日経平均 <日足> 「株探」多機能チャートより
 きょう(10日)の東京株式市場は、日経平均株価が97円高の2万8958円と3日ぶりに反発に転じた。前日の米国株市場ではNYダウが3日続落し、ここ強い動きを続けていたナスダック指数も終盤失速してわずかに前日終値を割り込んで引けたことから、東京市場も冴えない展開が予想された。しかし、マイナス圏に沈んだのは寄り後1分間だけだった。そこからはプラス圏に切り返し、次第高で“地味に”水準を切り上げる展開となった。

 しかし、上値の重さは拭えない。ひとことで言えば気迷い相場が延々と続いている。とりあえず、日本時間今晩9時半に発表が予定される5月の米消費者物価指数(CPI)の結果をマーケットは固唾をのんで見守ることになる。ただ、これによってよほどのことがない限り、今月15~16日の日程で行われるFOMCにおいて、パウエル議長はテーパリングに言及することはないと思われる。足もと1.5%台を割り込んだ米10年債利回りの動向が、それを代弁している。パウエル議長は再三にわたって、今の物価上昇圧力は一過性のものであるとの認識を強く主張している。テーパリング論議は「早くても8月のジャクソンホール」というのがマーケット関係者のコンセンサスであり、足もとの経済指標はあくまでノイズに過ぎず、政策の方向性を変えるようなものではないと考えておいてよさそうだ。

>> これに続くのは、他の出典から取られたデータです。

lemma standard_indices_content:
  assumes m: "1 \<le> m"
  shows "card {j \<in> {1..n}. standard_indices r n j = m} = composition_monomial r K m"
proof (cases "m \<le> K")
  case True
  have "r m \<le> n" using True r_mono r_K by (metis strict_mono_less_eq)
  have "{j \<in> {1..n}. standard_indices r n j = m} = {r (m - 1)<..r m}"
  proof (rule set_eqI)
    fix x
    show "x \<in> {j \<in> {1..n}. standard_indices r n j = m} \<longleftrightarrow> x \<in> {r (m - 1)<..r m}"
    proof (cases "x \<in> {1..n}")
      case True
      then show ?thesis using standard_indices_eq_iff[OF True, of m] \<open>m \<le> K\<close> m by auto
    qed (use \<open>r m \<le> n\<close> in auto)
  qed
  then show ?thesis using True m by (simp add: composition_monomial_def)
next
  case False
  then have "{j \<in> {1..n}. standard_indices r n j = m} = {}"
    using standard_indices_eq_iff by blast
  then show ?thesis using False by (simp add: composition_monomial_def)
qed

lemma standard_indices_step:
  assumes j: "j \<in> {1..<n}"
  shows "standard_indices r n j \<le> standard_indices r n (Suc j)"
    and "standard_indices r n j < standard_indices r n (Suc j) \<longleftrightarrow> j \<in> r ` {1..<K}"
proof -
  have j1: "j \<in> {1..n}" and j2: "Suc j \<in> {1..n}" using j by auto
  define i where "i = standard_indices r n j"
  have i: "1 \<le> i" "i \<le> K" "r (i - 1) < j" "j \<le> r i"
    using standard_indices_eq_iff[OF j1, of i] i_def by auto
  have "i \<le> standard_indices r n (Suc j) \<and>
    (i < standard_indices r n (Suc j) \<longleftrightarrow> j \<in> r ` {1..<K})"
  proof (cases "j = r i")
    case True
    have "i < K" using i True j r_K by (cases "i = K") auto
    moreover have "r i < r (Suc i)" using r_mono by (simp add: strict_mono_less)
    ultimately have "standard_indices r n (Suc j) = Suc i"
      using standard_indices_eq_iff[OF j2, of "Suc i"] True by simp
    moreover have "j \<in> r ` {1..<K}" using True \<open>i < K\<close> i by auto
    ultimately show ?thesis by simp
  next
    case False
    then have "standard_indices r n (Suc j) = i"
      using standard_indices_eq_iff[OF j2, of i] i by simp
    moreover have "j \<notin> r ` {1..<K}"
    proof
      assume "j \<in> r ` {1..<K}"
      then obtain i' where i': "j = r i'" by auto
      then have "i - 1 < i'" "i' < i"
        using i False r_mono by (auto simp: strict_mono_less le_less)
      then show False by simp
    qed
    ultimately show ?thesis by simp
  qed
  then show "standard_indices r n j \<le> standard_indices r n (Suc j)"
    and "standard_indices r n j < standard_indices r n (Suc j) \<longleftrightarrow> j \<in> r ` {1..<K}"
    using i_def by auto
qed

end

lemma weakly_increasing_le_iff:
  fixes f :: "nat \<Rightarrow> nat"
  assumes mono: "\<forall>j\<in>{1..<n}. f j \<le> f (Suc j)" and j: "j \<in> {1..n}"
  shows "f j \<le> m \<longleftrightarrow> j \<le> card {j' \<in> {1..n}. f j' \<le> m}"
proof -
  have le: "f j' \<le> f j''" if "1 \<le> j'" "j' \<le> j''" "j'' \<le> n" for j' j''
    using that(2,3)
  proof (induction j'' rule: dec_induct)
    case (step k)
    then have "f k \<le> f (Suc k)" using mono that(1) by auto
    with step show ?case by simp
  qed simp
  show ?thesis
  proof
    assume "f j \<le> m"
    have "{1..j} \<subseteq> {j' \<in> {1..n}. f j' \<le> m}"
    proof
      fix x assume "x \<in> {1..j}"
      then show "x \<in> {j' \<in> {1..n}. f j' \<le> m}" using le[of x j] j \<open>f j \<le> m\<close> by auto
    qed
    from card_mono[OF _ this] show "j \<le> card {j' \<in> {1..n}. f j' \<le> m}" by simp
  next
    assume c: "j \<le> card {j' \<in> {1..n}. f j' \<le> m}"
    show "f j \<le> m"
    proof (rule ccontr)
      assume "\<not> f j \<le> m"
      have "{j' \<in> {1..n}. f j' \<le> m} \<subseteq> {1..<j}"
      proof
        fix x assume x: "x \<in> {j' \<in> {1..n}. f j' \<le> m}"
        then have "\<not> j \<le> x" using le[of j x] j \<open>\<not> f j \<le> m\<close> by auto
        then show "x \<in> {1..<j}" using x by auto
      qed
      from card_mono[OF _ this] show False using c j by auto
    qed
  qed
qed
text \<open>Let \<open>L\<close> be the Laplacian and \<open>y = L\<^sup>+ (1\<^sub>s - 1\<^sub>t)\<close>, so that \<open>B\<^sub>s\<^sub>t\<^sup>2 = |y|\<^sup>2\<close>.
Since \<open>1\<^sub>s - 1\<^sub>t\<close> is orthogonal to the null space of \<open>L\<close> (the vectors constant
across edges), \<open>y\<close> is the minimum-norm solution of \<open>L y = 1\<^sub>s - 1\<^sub>t\<close>, i.e. the
electrical potential of a unit current from \<open>s\<close> to \<open>t\<close>. Its energy
\<open>y\<^sup>T L y = y\<^sub>s - y\<^sub>t\<close> dominates the edge term \<open>(y\<^sub>s - y\<^sub>t)\<^sup>2\<close>, so the potential drop
lies in \<open>[0, 1]\<close>. Clamping \<open>y\<close> to \<open>[y\<^sub>t, y\<^sub>s]\<close> keeps \<open>y\<^sub>s, y\<^sub>t\<close> and does not
increase the energy; as the energy of \<open>y + d\<close> with \<open>d\<^sub>s = d\<^sub>t\<close> is that of \<open>y\<close> plus that
of \<open>d\<close>, the clamped vector differs from \<open>y\<close> by a null vector. Shifted by \<open>-y\<^sub>t\<close> it
has entries in \<open>[0, 1]\<close>, hence squared norm at most \<open>n\<close>, and by minimality
\<open>|y|\<^sup>2 \<le> n\<close>.\<close>

lemma matrix_diff_ldistrib: "(A::'a::ring_1^'n^'m) ** (B - C) = A ** B - A ** C"
  by (simp add: matrix_matrix_mult_def vec_eq_iff sum_subtractf algebra_simps)

lemma matrix_diff_rdistrib: "(B - C) ** (A::'a::ring_1^'n^'m) = B ** A - C ** A"
  by (simp add: matrix_matrix_mult_def vec_eq_iff sum_subtractf algebra_simps)

lemma matrix_add_rdistrib: "(B + C) ** (A::'a::semiring_1^'n^'m) = B ** A + C ** A"
  by (simp add: matrix_matrix_mult_def vec_eq_iff sum.distrib algebra_simps)

lemma transpose_diff: "transpose (A - B) = transpose A - transpose (B::'a::group_add^'n^'m)"
  by (simp add: transpose_def vec_eq_iff)

lemma symmetric_matrix_inner:
  "transpose A = A \<Longrightarrow> (A *v u) \<bullet> v = u \<bullet> (A *v (v::real^'n))"
  by (metis dot_lmul_matrix transpose_matrix_vector)

definition penrose :: "real^'n::finite^'n \<Rightarrow> real^'n^'n \<Rightarrow> bool" where
  "penrose A X \<longleftrightarrow> A ** X ** A = A \<and> X ** A ** X = X \<and>
     transpose (A ** X) = A ** X \<and> transpose (X ** A) = X ** A"

lemma penrose_unique:
  assumes "penrose A X" "penrose A Y"
  shows "X = Y"
proof -
  have X: "A ** X ** A = A" "X ** A ** X = X" "transpose (A ** X) = A ** X"
      "transpose (X ** A) = X ** A"
    and Y: "A ** Y ** A = A" "Y ** A ** Y = Y" "transpose (A ** Y) = A ** Y"
      "transpose (Y ** A) = Y ** A"
    using assms by (auto simp: penrose_def)
  have "X = X ** transpose (A ** X)"
    using X(2,3) by (simp add: matrix_mul_assoc)
  also have "\<dots> = X ** transpose (A ** Y ** A ** X)"
    using Y(1) by simp
  also have "\<dots> = X ** transpose (A ** X) ** transpose (A ** Y)"
    by (simp add: matrix_transpose_mul matrix_mul_assoc)
  also have "\<dots> = X ** A ** Y"
    using X Y(3) by (simp add: matrix_mul_assoc)
  finally have XAY: "X = X ** A ** Y" .
  have "Y = transpose (Y ** A) ** Y"
    using Y(2,4) by simp
  also have "\<dots> = transpose (Y ** A ** X ** A) ** Y"
    using X(1) by (metis matrix_mul_assoc)
  also have "\<dots> = transpose (X ** A) ** transpose (Y ** A) ** Y"
    by (simp add: matrix_transpose_mul matrix_mul_assoc)
  also have "\<dots> = X ** A ** Y"
    using X(4) Y(2,4) by (metis matrix_mul_assoc)
  finally show ?thesis
    using XAY by simp
qed

lemma pinv_eqI: "penrose A X \<Longrightarrow> pinv A = X"
  unfolding pinv_def by (rule the_equality) (auto simp: penrose_def intro: penrose_unique)

lemma symmetric_projection_matrix_exists:
  fixes K :: "(real^'n::finite) set"
  assumes "subspace K"
  obtains J :: "real^'n^'n"
  where "transpose J = J" "\<And>x. J *v x \<in> K" "\<And>z. z \<in> K \<Longrightarrow> J *v z = z"
proof -
  obtain B where B: "pairwise orthogonal B" "\<And>b. b \<in> B \<Longrightarrow> norm b = 1" "finite B"
      "span B = K"
    by (metis orthonormal_basis_subspace[OF assms] independent_imp_finite)
  define J :: "real^'n^'n" where "J = (\<chi> i j. \<Sum>b\<in>B. b$i * b$j)"
  have J: "J *v x = (\<Sum>b\<in>B. (b \<bullet> x) *\<^sub>R b)" for x
    by (simp add: vec_eq_iff J_def matrix_vector_mult_def inner_vec_def sum_component
        sum_distrib_left sum_distrib_right mult_ac sum.swap[of _ B])
  have range: "J *v x \<in> K" for x
    unfolding J B(4)[symmetric] by (intro span_sum span_mul span_base)
  have "b \<bullet> (J *v x) = b \<bullet> x" if "b \<in> B" for b x
  proof -
    have "b \<bullet> (J *v x) = (\<Sum>c\<in>B. if c = b then b \<bullet> x else 0)"
      unfolding J inner_sum_right using B(1,2) that
      by (intro sum.cong refl) (auto simp: pairwise_def orthogonal_def norm_eq_1)
    then show ?thesis
      using that B(3) by simp
  qed
  then have orth: "orthogonal z (x - J *v x)" if "z \<in> K" for z x
    using orthogonal_to_span[of z B "x - J *v x"] that B(4)
    by (simp add: orthogonal_def inner_commute inner_diff_right)
  then have id_on_K: "J *v z = z" if "z \<in> K" for z
  proof -
    have "orthogonal (z - J *v z) (z - J *v z)"
      using orth subspace_diff[OF assms that range] by blast
    then show ?thesis
      by (simp add: orthogonal_def)
  qed
  have "transpose J = J"
    by (simp add: J_def transpose_def vec_eq_iff mult.commute)
  with range id_on_K show ?thesis
    using that by blast
qed
lemma cl_squares_minus_region: "z \<in> cl_squares \<Longrightarrow> z \<notin> region \<Longrightarrow> z \<in> Lpath lam \<union> Upath lam"
proof -
  assume z: "z \<in> cl_squares" "z \<notin> region"
  then obtain j where j: "z \<in> cl_square j" by (auto simp: cl_squares_def)
  have "w \<in> Lpath lam" if "w \<in> cl_square j" "w \<notin> region" "w$2 \<le> w$1" for w
  proof -
    have "w \<notin> square j" using that(2) by (auto simp: region_def)
    then have "w$1 = t j \<or> w$1 = t (j+2) \<or> w$2 = t j \<or> w$2 = t (j+2)"
      using that(1) by (auto simp: mem_square mem_cl_square)
    then have "w$2 = t j \<or> w$1 = t (j+2)" using that(1,3) by (auto simp: mem_cl_square)
    then show ?thesis using that bottom_side_minus_region right_side_minus_region by blast
  qed
  from this[of z] this[of "swap_xy z"] show ?thesis using j z
    by (cases "z$2 \<le> z$1") (auto simp: swap_xy_mem_cl_square swap_xy_mem_region Upath_eq_swap mem_swap_xy_image)
qed

lemma corner_in_boundary: "vec2 t_sup t_sup \<in> boundary"
proof -
  have "(\<lambda>n. Lvert lam (Suc (2*n))) \<longlonglongrightarrow> vec2 t_sup t_sup"
  proof -
    have a: "(\<lambda>n. t (n+2)) \<longlonglongrightarrow> t_sup" "(\<lambda>n. t (n+1)) \<longlonglongrightarrow> t_sup"
      using LIMSEQ_ignore_initial_segment[OF t_tendsto_sup, of 2] LIMSEQ_ignore_initial_segment[OF t_tendsto_sup, of 1]
      by auto
    have "(\<lambda>n. vec2 (t (n+2)) (t (n+1))) \<longlonglongrightarrow> vec2 t_sup t_sup"
    proof (rule vec_tendstoI)
      fix i :: 2
      consider "i = 1" | "i = 2" using exhaust_2 by blast
      then show "(\<lambda>n. vec2 (t (n+2)) (t (n+1)) $ i) \<longlonglongrightarrow> vec2 t_sup t_sup $ i" using a by cases auto
    qed
    then show ?thesis using Lvert_odd by simp
  qed
  moreover have "Lvert lam (Suc (2*n)) \<in> Lpath lam \<union> Upath lam" for n
    unfolding Lpath_def by (auto intro!: exI[of _ "Suc (2*n)"])
  ultimately show ?thesis unfolding boundary_def by (meson closure_sequential)
qed
(* Let $V,H,K$ be complex Hilbert spaces such that $V$ is embedded in $H$ with compact inclusion map $i\colon V\to H$, and let $j\colon V\to K$ be a compact linear map. Let $\mathfrak a\colon V\times V\to\mathbb C$ be a positive, symmetric, continuous, $i$-elliptic sesquilinear form, and put $V_D=\ker j$. Let $A^N$ be the self-adjoint operator in $\overline V$ (closure in $H$) associated with $\mathfrak a$, and $A^D$ the self-adjoint operator in $\overline{V_D}$ (closure in $H$) associated with $\mathfrak a|_{V_D\times V_D}$. For $\lambda\in\mathbb R$ let $\mathfrak b_\lambda(u,v)=\mathfrak a(u,v)-\lambda (u,v)_H$ and let $\mathcal N_\lambda$ be the graph associated with $(\mathfrak b_\lambda,j)$. Suppose (I) $A^N$ has no eigenvector belonging to $V_D$, and (II) for every $\lambda\in(0,\infty)$, $\dim\operatorname{span}\{\varphi\in D(\mathcal N_\lambda): (\mathcal N_\lambda^\circ\varphi,\varphi)_K=0\}=\infty$. Let $\lambda_1^N\le\lambda_2^N\le\dots$ and $\lambda_1^D\le\lambda_2^D\le\dots$ be the eigenvalues of $A^N$ and $A^D$, repeated with multiplicity. Then $\lambda^N_{n+1}<\lambda^D_n$ for all $n\in\mathbb N$.
   Context: A sesquilinear form $\mathfrak a$ on $V$ is positive if $\mathfrak a(u,u)\ge 0$ for all $u$, symmetric if $\mathfrak a(v,u)=\overline{\mathfrak a(u,v)}$, continuous if $|\mathfrak a(u,v)|\le M\|u\|_V\|v\|_V$ for some $M$, and $i$-elliptic if there are $\omega,\delta>0$ with $\mathfrak a(u,u)+\omega\|i(u)\|_H^2\ge\delta\|u\|_V^2$ for all $u\in V$. For a closed subspace $W\subset V$ and a continuous symmetric $i$-elliptic form $\mathfrak c$ on $W$, the self-adjoint operator in $\overline W$ (closure in $H$) associated with $\mathfrak c$ is defined by: $u\in D(B)$ and $Bu=f$ iff $u\in W$, $f\in\overline W$ and $\mathfrak c(u,v)=(f,v)_H$ for all $v\in W$; it is self-adjoint, bounded below, with compact resolvent (since $i$ is compact). The graph associated with $(\mathfrak b_\lambda,j)$ is $\mathcal N_\lambda=\{(j(u),\psi)\in K\times K: u\in V,\ \mathfrak b_\lambda(u,v)=(\psi,j(v))_K \text{ for all } v\in V\}$; it is a self-adjoint graph (linear relation) in $K$, bounded below, with compact resolvent. Its domain is $D(\mathcal N_\lambda)=\{\varphi: \exists\psi,\ (\varphi,\psi)\in\mathcal N_\lambda\}$, and its single-valued part $\mathcal N_\lambda^\circ$ is the self-adjoint operator in the Hilbert space $\overline{D(\mathcal N_\lambda)}$ (closure in $K$) whose graph is $\mathcal N_\lambda\cap(\overline{D(\mathcal N_\lambda)}\times\overline{D(\mathcal N_\lambda)})$; $D(\mathcal N_\lambda^\circ)=D(\mathcal N_\lambda)$. *)

theory Defs
  imports Complex_Main "HOL-Library.Extended_Nat"
begin

text \<open>No complex inner product spaces exist in the distribution, so a complex Hilbert
space is represented by a type 'a (an additive group) together with a scalar
multiplication sc :: complex => 'a => 'a and an inner product ip :: 'a => 'a => complex,
linear in the first and conjugate-linear in the second argument.\<close>

definition nrm :: "('a \<Rightarrow> 'a \<Rightarrow> complex) \<Rightarrow> 'a \<Rightarrow> real" where
  "nrm ip x = sqrt (Re (ip x x))"

definition conv :: "('a::ab_group_add \<Rightarrow> 'a \<Rightarrow> complex) \<Rightarrow> (nat \<Rightarrow> 'a) \<Rightarrow> 'a \<Rightarrow> bool" where
  "conv ip xs y \<longleftrightarrow> (\<lambda>n. nrm ip (xs n - y)) \<longlonglongrightarrow> 0"

definition chilbert :: "(complex \<Rightarrow> 'a::ab_group_add \<Rightarrow> 'a) \<Rightarrow> ('a \<Rightarrow> 'a \<Rightarrow> complex) \<Rightarrow> bool" where
  "chilbert sc ip \<longleftrightarrow>
     (\<forall>c x y. sc c (x + y) = sc c x + sc c y) \<and>
     (\<forall>c d x. sc (c + d) x = sc c x + sc d x) \<and>
     (\<forall>c d x. sc (c * d) x = sc c (sc d x)) \<and>
     (\<forall>x. sc 1 x = x) \<and>
     (\<forall>x y z. ip (x + y) z = ip x z + ip y z) \<and>
     (\<forall>c x y. ip (sc c x) y = c * ip x y) \<and>
     (\<forall>x y. ip y x = cnj (ip x y)) \<and>
     (\<forall>x. Re (ip x x) \<ge> 0) \<and>
     (\<forall>x. ip x x = 0 \<longrightarrow> x = 0) \<and>
     (\<forall>xs. (\<forall>e>0. \<exists>N. \<forall>m\<ge>N. \<forall>n\<ge>N. nrm ip (xs m - xs n) < e) \<longrightarrow> (\<exists>y. conv ip xs y))"

definition clinear_map :: "(complex \<Rightarrow> 'a::ab_group_add \<Rightarrow> 'a) \<Rightarrow> (complex \<Rightarrow> 'b::ab_group_add \<Rightarrow> 'b)
    \<Rightarrow> ('a \<Rightarrow> 'b) \<Rightarrow> bool" where
  "clinear_map sc1 sc2 f \<longleftrightarrow> (\<forall>x y. f (x + y) = f x + f y) \<and> (\<forall>c x. f (sc1 c x) = sc2 c (f x))"

definition compact_map :: "('a \<Rightarrow> 'a \<Rightarrow> complex) \<Rightarrow> ('b::ab_group_add \<Rightarrow> 'b \<Rightarrow> complex)
    \<Rightarrow> ('a \<Rightarrow> 'b) \<Rightarrow> bool" where
  "compact_map ip1 ip2 f \<longleftrightarrow>
     (\<forall>xs :: nat \<Rightarrow> 'a. (\<exists>M. \<forall>n. nrm ip1 (xs n) \<le> M) \<longrightarrow> (\<exists>r y. strict_mono r \<and> conv ip2 (\<lambda>n. f (xs (r n))) y))"

definition sesquilinear :: "(complex \<Rightarrow> 'a::ab_group_add \<Rightarrow> 'a) \<Rightarrow> ('a \<Rightarrow> 'a \<Rightarrow> complex) \<Rightarrow> bool" where
  "sesquilinear sc a \<longleftrightarrow>
     (\<forall>x y z. a (x + y) z = a x z + a y z) \<and> (\<forall>c x y. a (sc c x) y = c * a x y) \<and>
     (\<forall>x y z. a x (y + z) = a x y + a x z) \<and> (\<forall>c x y. a x (sc c y) = cnj c * a x y)"

definition positive_form :: "('a \<Rightarrow> 'a \<Rightarrow> complex) \<Rightarrow> bool" where
  "positive_form a \<longleftrightarrow> (\<forall>u. Im (a u u) = 0 \<and> Re (a u u) \<ge> 0)"

definition symmetric_form :: "('a \<Rightarrow> 'a \<Rightarrow> complex) \<Rightarrow> bool" where
  "symmetric_form a \<longleftrightarrow> (\<forall>u v. a v u = cnj (a u v))"

definition continuous_form :: "('a \<Rightarrow> 'a \<Rightarrow> complex) \<Rightarrow> ('a \<Rightarrow> 'a \<Rightarrow> complex) \<Rightarrow> bool" where
  "continuous_form ipV a \<longleftrightarrow> (\<exists>M. \<forall>u v. cmod (a u v) \<le> M * nrm ipV u * nrm ipV v)"

definition elliptic_form :: "('v \<Rightarrow> 'v \<Rightarrow> complex) \<Rightarrow> ('h \<Rightarrow> 'h \<Rightarrow> complex) \<Rightarrow> ('v \<Rightarrow> 'h)
    \<Rightarrow> ('v \<Rightarrow> 'v \<Rightarrow> complex) \<Rightarrow> bool" where
  "elliptic_form ipV ipH i a \<longleftrightarrow>
     (\<exists>\<omega> \<delta>. \<omega> > 0 \<and> \<delta> > 0 \<and> (\<forall>u. Re (a u u) + \<omega> * (nrm ipH (i u))\<^sup>2 \<ge> \<delta> * (nrm ipV u)\<^sup>2))"

definition ncl :: "('a::ab_group_add \<Rightarrow> 'a \<Rightarrow> complex) \<Rightarrow> 'a set \<Rightarrow> 'a set" where
  "ncl ip S = {y. \<exists>xs. (\<forall>n. xs n \<in> S) \<and> conv ip xs y}"

text \<open>Graph (in H x H) of the operator in the closure of i(W) associated with the form c on W.\<close>
definition assoc_op :: "('h::ab_group_add \<Rightarrow> 'h \<Rightarrow> complex) \<Rightarrow> ('v \<Rightarrow> 'h) \<Rightarrow> 'v set
    \<Rightarrow> ('v \<Rightarrow> 'v \<Rightarrow> complex) \<Rightarrow> ('h \<times> 'h) set" where
  "assoc_op ipH i W c = {(i u, f) | u f. u \<in> W \<and> f \<in> ncl ipH (i ` W) \<and> (\<forall>v\<in>W. c u v = ipH f (i v))}"

definition Ngraph :: "('h \<Rightarrow> 'h \<Rightarrow> complex) \<Rightarrow> ('k \<Rightarrow> 'k \<Rightarrow> complex) \<Rightarrow> ('v \<Rightarrow> 'h) \<Rightarrow> ('v \<Rightarrow> 'k)
    \<Rightarrow> ('v \<Rightarrow> 'v \<Rightarrow> complex) \<Rightarrow> real \<Rightarrow> ('k \<times> 'k) set" where
  "Ngraph ipH ipK i j a t =
     {(j u, \<psi>) | u \<psi>. \<forall>v. a u v - complex_of_real t * ipH (i u) (i v) = ipK \<psi> (j v)}"

text \<open>Single-valued part: graph intersected with closure(D) x closure(D).\<close>
definition Ncirc :: "('k::ab_group_add \<Rightarrow> 'k \<Rightarrow> complex) \<Rightarrow> ('k \<times> 'k) set \<Rightarrow> ('k \<times> 'k) set" where
  "Ncirc ipK N = N \<inter> (ncl ipK (Domain N) \<times> ncl ipK (Domain N))"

 個別では、量子コンピューター関連に物色の矛先が向かうなど、新たな資金潮流が生まれている。エヌエフホールディングス<6864>やフィックスターズ<3687>など、ここ1、2年の長期波動でみても高値からかなり下押した水準にあり、目先ではなく少し長い目で見て安心して買える強みがある。そうしたなか、同じ範疇の銘柄でユビキタス AIコーポレーション<3858>なども、株価600円台と値ごろ感があり、持ち前の俊足を発揮する可能性がありそうだ。22年3月期は業績も底入れ反転し黒字化が予想されている。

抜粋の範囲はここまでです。